The records below are split into lines. How many of those lines contain the string "thesis"? Reply with the number only.

◆ Given entries ◆

:::

definition replay :: "(nat \<Rightarrow> protocol) \<Rightarrow> nat \<Rightarrow> nat list \<Rightarrow> protocol" where
  "replay f i h = (\<lambda>h'. if length h' < length h then return_pmf (h ! length h') else f i h')"

definition G_set :: "nat \<Rightarrow> (nat \<Rightarrow> protocol) \<Rightarrow> nat \<Rightarrow> protocol set" where
  "G_set n f i = {replay f i h | h. h \<noteq> [] \<and> consistent n f i h}"

end

theory Submission
  imports Defs
begin

text \<open>
Write \<open>scripted q h\<close> for the protocol that plays the actions of h and then follows q
(for q = f i this is the paper's g_i(h)), and \<open>path_weight q h\<close> for the probability
that q itself chooses the actions of h.

Conditioning on a personal history factors: for every event X decided after slot |h|,
the probability of "player i has history h, and X" under q is \<open>path_weight q h\<close>
times its probability under \<open>scripted q h\<close>. So the conditional latency given h under
q, or under a deviation g that agrees with q before h, is proportional to the latency
collected on the event "history h" under \<open>scripted q h\<close>, resp. \<open>scripted g h\<close>.
The latency collected off that event is decided within the first |h| slots, hence
finite and equal for both. A deviation after h therefore helps conditionally iff
\<open>scripted g h\<close> beats \<open>scripted q h\<close> unconditionally.

Moreover the latency under \<open>scripted q h\<close> is the average, over the next action b
drawn from q h, of the latency under \<open>scripted q (h @ [b])\<close>. If f i is a best
response, all these are at least its latency, so by induction along a consistent
history all of them are equal to it. Together: f is an equilibrium iff every f i is a
best response iff (ii).
\<close>

section \<open>Probability mass functions\<close>

lemma emeasure_pmf_eq_0I:
  assumes "\<And>x. x \<in> set_pmf p \<Longrightarrow> x \<notin> A"
  shows "emeasure (measure_pmf p) A = 0"
proof -
  have "A \<inter> set_pmf p = {}" using assms by blast
  then show ?thesis using emeasure_Int_set_pmf[of p A] by simp
qed

lemma emeasure_pmf_eq_1I:
  assumes "\<And>x. x \<in> set_pmf p \<Longrightarrow> x \<in> A"
  shows "emeasure (measure_pmf p) A = 1"
  by (rule measure_pmf.emeasure_eq_1_AE) (use assms in \<open>auto simp: AE_measure_pmf_iff\<close>)

lemma nn_integral_pmf_eq_lower_bound:
  fixes E :: "'a \<Rightarrow> ennreal" and p :: "'a pmf"
  assumes avg: "(\<integral>\<^sup>+b. E b \<partial>p) = c"
    and lower: "\<And>b. b \<in> set_pmf p \<Longrightarrow> c \<le> E b"
    and a: "a \<in> set_pmf p"
  shows "E a = c"
proof (rule antisym[OF _ lower[OF a]], cases "c = \<infinity>")
  case False
  have "c + (\<integral>\<^sup>+b. (E b - c) \<partial>p) = (\<integral>\<^sup>+b. c + (E b - c) \<partial>p)"
    by (subst nn_integral_add) (auto simp: measure_pmf.emeasure_space_1)
  also have "\<dots> = c"
    using lower avg
    by (subst nn_integral_cong_AE[where v=E]) (auto simp: AE_measure_pmf_iff add_diff_inverse_ennreal)
  finally have "c + (\<integral>\<^sup>+b. (E b - c) \<partial>p) \<le> c + 0" by simp
  moreover have "(E a - c) * ennreal (pmf p a) \<le> (\<integral>\<^sup>+b. (E b - c) \<partial>p)"
  proof -
    have "(E a - c) * ennreal (pmf p a) = (\<integral>\<^sup>+b. (E a - c) * indicator {a} b \<partial>p)"
      by (simp add: nn_integral_cmult_indicator emeasure_pmf_single)
    also have "\<dots> \<le> (\<integral>\<^sup>+b. (E b - c) \<partial>p)"
      by (intro nn_integral_mono) (auto simp: indicator_def)
    finally show ?thesis .
  qed
  ultimately have "(E a - c) * ennreal (pmf p a) \<le> 0"
    using False by (metis add_left_mono ennreal_add_left_cancel_le order_trans)
  then have "E a - c = 0"
    using pmf_positive[OF a] by (simp add: ennreal_zero_less_mult_iff le_zero_eq)
  then show "E a \<le> c" by (simp add: diff_eq_0_iff_ennreal)
qed simp

lemma Pi_pmf_bind_coordinate:
  assumes "finite P" "i \<in> P"
  shows "Pi_pmf P d g = bind_pmf (g i) (\<lambda>b. Pi_pmf P d (g(i := return_pmf b)))"
proof -
  have P: "P = insert i (P - {i})" using assms by auto
  have "Pi_pmf P d (g(i := return_pmf b)) =
      bind_pmf (Pi_pmf (P - {i}) d g) (\<lambda>f. return_pmf (f(i := b)))" for b
  proof -
    have "Pi_pmf P d (g(i := return_pmf b)) =
        do {y \<leftarrow> return_pmf b; f \<leftarrow> Pi_pmf (P - {i}) d (g(i := return_pmf b));
            return_pmf (f(i := y))}"
      by (subst P, subst Pi_pmf_insert') (use assms in auto)
    also have "Pi_pmf (P - {i}) d (g(i := return_pmf b)) = Pi_pmf (P - {i}) d g"
      by (intro Pi_pmf_cong) auto
    finally show ?thesis by (simp add: bind_return_pmf fun_upd_def)
  qed
  moreover have
    "Pi_pmf P d g = do {y \<leftarrow> g i; f \<leftarrow> Pi_pmf (P - {i}) d g; return_pmf (f(i := y))}"
    by (subst P, subst Pi_pmf_insert') (use assms in auto)
  ultimately show ?thesis by simp
qed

:::

◆ Exercise result ◆
4